**About this exercise:** Find all the lines in the entries below that hold the word "ultimately" and copy them.

[Saved entries]
BEGIN
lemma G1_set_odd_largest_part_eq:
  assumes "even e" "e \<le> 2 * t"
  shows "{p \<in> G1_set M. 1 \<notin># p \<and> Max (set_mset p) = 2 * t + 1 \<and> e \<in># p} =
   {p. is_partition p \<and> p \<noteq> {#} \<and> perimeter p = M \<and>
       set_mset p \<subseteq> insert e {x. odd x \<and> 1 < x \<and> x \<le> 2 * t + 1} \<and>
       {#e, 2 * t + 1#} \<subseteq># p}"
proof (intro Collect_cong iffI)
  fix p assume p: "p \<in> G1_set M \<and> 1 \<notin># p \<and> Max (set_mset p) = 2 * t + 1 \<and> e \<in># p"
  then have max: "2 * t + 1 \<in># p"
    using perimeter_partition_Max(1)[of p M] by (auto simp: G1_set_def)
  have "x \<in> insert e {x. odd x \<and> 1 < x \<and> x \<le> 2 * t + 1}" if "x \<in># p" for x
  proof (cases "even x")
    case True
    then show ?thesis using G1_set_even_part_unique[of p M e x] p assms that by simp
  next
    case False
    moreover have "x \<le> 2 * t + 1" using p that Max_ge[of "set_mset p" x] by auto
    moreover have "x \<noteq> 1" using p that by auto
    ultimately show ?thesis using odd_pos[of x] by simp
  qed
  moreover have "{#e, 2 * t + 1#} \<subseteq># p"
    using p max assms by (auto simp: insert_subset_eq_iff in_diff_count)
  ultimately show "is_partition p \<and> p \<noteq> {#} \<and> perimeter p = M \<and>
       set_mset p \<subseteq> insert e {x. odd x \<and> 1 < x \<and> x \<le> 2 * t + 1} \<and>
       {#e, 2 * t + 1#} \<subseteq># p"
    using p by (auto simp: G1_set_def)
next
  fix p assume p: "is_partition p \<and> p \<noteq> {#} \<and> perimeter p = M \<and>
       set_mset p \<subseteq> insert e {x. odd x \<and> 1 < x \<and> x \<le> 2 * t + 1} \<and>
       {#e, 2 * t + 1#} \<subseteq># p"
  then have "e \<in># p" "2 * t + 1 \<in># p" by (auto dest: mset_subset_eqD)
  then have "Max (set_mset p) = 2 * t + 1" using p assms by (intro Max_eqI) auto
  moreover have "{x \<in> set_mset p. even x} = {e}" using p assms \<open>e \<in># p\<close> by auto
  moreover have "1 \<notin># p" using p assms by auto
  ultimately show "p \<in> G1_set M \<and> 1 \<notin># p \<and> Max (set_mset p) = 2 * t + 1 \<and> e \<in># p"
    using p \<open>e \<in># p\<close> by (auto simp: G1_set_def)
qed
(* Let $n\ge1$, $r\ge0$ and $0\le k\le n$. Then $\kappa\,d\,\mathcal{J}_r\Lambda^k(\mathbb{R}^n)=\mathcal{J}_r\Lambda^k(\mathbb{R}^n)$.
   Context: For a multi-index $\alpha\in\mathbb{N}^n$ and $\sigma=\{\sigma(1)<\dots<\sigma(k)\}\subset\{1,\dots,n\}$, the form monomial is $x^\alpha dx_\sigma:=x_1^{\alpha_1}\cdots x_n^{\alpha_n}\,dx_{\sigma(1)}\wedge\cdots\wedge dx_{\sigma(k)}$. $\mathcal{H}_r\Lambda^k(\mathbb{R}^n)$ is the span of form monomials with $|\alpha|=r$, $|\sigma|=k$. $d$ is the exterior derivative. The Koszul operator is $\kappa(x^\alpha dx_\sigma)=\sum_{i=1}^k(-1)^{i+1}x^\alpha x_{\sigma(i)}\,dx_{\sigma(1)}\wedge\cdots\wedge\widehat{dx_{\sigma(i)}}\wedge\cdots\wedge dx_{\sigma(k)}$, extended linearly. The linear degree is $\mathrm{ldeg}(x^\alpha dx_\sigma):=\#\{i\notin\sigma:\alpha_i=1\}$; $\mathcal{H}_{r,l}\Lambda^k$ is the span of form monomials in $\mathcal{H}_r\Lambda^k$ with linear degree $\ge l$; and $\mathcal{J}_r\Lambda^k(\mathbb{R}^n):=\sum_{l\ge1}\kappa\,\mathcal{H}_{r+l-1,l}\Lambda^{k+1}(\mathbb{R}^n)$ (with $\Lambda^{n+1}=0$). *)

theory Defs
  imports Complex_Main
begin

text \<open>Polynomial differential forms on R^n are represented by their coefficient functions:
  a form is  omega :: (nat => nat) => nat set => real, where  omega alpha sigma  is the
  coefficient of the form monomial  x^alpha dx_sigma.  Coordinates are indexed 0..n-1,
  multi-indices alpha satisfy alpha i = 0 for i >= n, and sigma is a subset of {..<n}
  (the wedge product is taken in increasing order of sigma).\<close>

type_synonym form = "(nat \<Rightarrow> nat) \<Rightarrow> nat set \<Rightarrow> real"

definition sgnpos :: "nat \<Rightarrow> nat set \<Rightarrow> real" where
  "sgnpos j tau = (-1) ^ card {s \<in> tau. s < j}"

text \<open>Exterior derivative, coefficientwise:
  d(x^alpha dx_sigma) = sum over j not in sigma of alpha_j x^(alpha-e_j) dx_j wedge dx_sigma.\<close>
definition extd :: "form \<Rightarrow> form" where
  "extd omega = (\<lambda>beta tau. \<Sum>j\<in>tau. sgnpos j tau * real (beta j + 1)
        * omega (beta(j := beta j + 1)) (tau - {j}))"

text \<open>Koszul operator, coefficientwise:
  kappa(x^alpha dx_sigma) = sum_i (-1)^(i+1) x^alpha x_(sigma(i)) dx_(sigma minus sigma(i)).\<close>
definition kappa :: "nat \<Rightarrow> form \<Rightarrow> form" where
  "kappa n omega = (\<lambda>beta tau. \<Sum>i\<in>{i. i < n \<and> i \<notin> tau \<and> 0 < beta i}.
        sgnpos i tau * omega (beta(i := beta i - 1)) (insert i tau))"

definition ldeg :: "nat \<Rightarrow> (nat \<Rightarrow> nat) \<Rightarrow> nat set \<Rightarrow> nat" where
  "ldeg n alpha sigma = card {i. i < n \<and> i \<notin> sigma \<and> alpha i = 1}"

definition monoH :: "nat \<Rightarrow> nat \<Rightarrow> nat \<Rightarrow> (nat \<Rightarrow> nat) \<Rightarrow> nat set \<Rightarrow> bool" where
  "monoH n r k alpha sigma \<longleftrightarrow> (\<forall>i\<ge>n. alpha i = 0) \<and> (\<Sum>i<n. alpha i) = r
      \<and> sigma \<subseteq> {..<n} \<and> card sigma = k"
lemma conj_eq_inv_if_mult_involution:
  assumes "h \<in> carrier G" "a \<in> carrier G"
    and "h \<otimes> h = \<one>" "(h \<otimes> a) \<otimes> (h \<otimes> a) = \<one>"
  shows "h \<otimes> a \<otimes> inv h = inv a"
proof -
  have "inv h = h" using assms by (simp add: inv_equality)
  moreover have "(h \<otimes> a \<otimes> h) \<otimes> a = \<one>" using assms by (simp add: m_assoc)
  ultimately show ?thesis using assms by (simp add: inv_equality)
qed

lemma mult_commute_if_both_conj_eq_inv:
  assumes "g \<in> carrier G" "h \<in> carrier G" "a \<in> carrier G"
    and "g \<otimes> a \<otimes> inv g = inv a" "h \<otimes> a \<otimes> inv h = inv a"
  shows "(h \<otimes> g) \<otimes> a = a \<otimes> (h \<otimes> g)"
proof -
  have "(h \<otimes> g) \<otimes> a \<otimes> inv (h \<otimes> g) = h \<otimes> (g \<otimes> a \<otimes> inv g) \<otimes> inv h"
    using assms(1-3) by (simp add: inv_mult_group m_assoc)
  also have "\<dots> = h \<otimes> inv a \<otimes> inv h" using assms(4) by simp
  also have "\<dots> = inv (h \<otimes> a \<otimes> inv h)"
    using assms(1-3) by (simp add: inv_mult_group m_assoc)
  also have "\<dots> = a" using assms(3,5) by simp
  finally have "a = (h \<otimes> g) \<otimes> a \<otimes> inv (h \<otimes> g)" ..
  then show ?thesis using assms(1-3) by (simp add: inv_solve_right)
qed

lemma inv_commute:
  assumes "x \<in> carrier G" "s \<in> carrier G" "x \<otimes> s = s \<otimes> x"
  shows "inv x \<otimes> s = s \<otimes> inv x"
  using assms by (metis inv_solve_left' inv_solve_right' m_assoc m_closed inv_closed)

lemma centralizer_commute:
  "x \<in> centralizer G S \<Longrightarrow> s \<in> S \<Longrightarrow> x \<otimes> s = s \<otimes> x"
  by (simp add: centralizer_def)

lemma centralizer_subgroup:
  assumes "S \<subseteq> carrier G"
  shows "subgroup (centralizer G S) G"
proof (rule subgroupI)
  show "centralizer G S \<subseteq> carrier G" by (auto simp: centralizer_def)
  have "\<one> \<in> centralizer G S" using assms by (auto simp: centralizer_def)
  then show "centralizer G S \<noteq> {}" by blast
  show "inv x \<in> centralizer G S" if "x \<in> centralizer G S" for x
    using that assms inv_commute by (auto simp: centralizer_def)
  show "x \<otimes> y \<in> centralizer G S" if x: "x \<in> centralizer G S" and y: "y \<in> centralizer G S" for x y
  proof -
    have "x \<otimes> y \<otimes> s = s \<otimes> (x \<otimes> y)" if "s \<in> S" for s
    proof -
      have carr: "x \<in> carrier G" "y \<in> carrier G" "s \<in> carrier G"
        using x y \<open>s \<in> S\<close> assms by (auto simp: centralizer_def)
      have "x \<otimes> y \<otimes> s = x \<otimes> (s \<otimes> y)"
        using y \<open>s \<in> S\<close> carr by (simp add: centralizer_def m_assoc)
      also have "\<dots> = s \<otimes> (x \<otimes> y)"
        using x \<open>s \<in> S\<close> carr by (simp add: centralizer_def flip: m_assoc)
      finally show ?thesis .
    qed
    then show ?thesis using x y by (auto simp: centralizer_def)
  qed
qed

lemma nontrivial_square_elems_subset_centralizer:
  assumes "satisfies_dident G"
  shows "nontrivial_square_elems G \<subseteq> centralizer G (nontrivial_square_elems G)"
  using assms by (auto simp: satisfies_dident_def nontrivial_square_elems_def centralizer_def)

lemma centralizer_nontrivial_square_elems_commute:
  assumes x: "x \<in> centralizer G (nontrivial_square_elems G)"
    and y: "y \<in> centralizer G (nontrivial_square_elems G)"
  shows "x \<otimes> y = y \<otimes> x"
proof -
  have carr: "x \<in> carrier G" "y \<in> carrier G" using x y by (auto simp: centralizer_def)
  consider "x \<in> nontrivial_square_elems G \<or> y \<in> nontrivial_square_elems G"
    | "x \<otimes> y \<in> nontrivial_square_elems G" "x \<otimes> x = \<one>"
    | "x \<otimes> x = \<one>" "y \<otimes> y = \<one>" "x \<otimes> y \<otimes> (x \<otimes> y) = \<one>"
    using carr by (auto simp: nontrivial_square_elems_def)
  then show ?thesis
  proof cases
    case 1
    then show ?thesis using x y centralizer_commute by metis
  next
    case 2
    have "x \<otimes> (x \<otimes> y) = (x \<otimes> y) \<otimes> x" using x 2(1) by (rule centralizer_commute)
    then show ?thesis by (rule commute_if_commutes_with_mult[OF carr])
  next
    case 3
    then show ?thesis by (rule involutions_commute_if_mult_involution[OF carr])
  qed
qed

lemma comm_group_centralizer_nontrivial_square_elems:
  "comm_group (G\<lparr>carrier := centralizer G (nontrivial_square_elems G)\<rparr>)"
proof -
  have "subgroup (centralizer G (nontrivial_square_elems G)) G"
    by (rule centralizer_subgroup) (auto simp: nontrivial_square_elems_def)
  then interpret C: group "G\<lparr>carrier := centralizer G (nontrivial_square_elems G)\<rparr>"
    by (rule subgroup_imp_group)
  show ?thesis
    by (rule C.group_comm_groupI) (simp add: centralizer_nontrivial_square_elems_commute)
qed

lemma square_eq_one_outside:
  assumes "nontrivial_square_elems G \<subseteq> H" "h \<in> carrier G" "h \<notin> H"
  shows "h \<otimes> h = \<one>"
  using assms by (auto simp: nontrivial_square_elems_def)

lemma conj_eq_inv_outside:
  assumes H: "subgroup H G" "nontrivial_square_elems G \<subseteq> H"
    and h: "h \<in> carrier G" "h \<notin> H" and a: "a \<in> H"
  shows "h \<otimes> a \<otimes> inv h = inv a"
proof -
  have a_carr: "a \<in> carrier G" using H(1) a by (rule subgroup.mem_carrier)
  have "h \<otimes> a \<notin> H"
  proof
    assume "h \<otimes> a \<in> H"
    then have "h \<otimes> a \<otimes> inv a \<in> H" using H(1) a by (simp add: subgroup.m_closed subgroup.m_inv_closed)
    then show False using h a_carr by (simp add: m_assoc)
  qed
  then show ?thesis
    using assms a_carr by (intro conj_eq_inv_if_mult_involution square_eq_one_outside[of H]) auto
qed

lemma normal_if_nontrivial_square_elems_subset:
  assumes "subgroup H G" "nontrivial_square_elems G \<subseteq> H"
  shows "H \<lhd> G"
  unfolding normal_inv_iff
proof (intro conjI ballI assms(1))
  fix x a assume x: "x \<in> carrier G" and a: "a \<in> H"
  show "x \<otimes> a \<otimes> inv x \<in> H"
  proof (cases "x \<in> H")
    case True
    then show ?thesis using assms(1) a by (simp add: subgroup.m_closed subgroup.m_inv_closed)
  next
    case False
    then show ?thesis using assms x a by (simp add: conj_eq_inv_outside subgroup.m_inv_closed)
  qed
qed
END
**Exercise solution:**
    ultimately show ?thesis using odd_pos[of x] by simp
  ultimately show "is_partition p \<and> p \<noteq> {#} \<and> perimeter p = M \<and>
  ultimately show "p \<in> G1_set M \<and> 1 \<notin># p \<and> Max (set_mset p) = 2 * t + 1 \<and> e \<in># p"
  ultimately show ?thesis using assms by (simp add: inv_equality)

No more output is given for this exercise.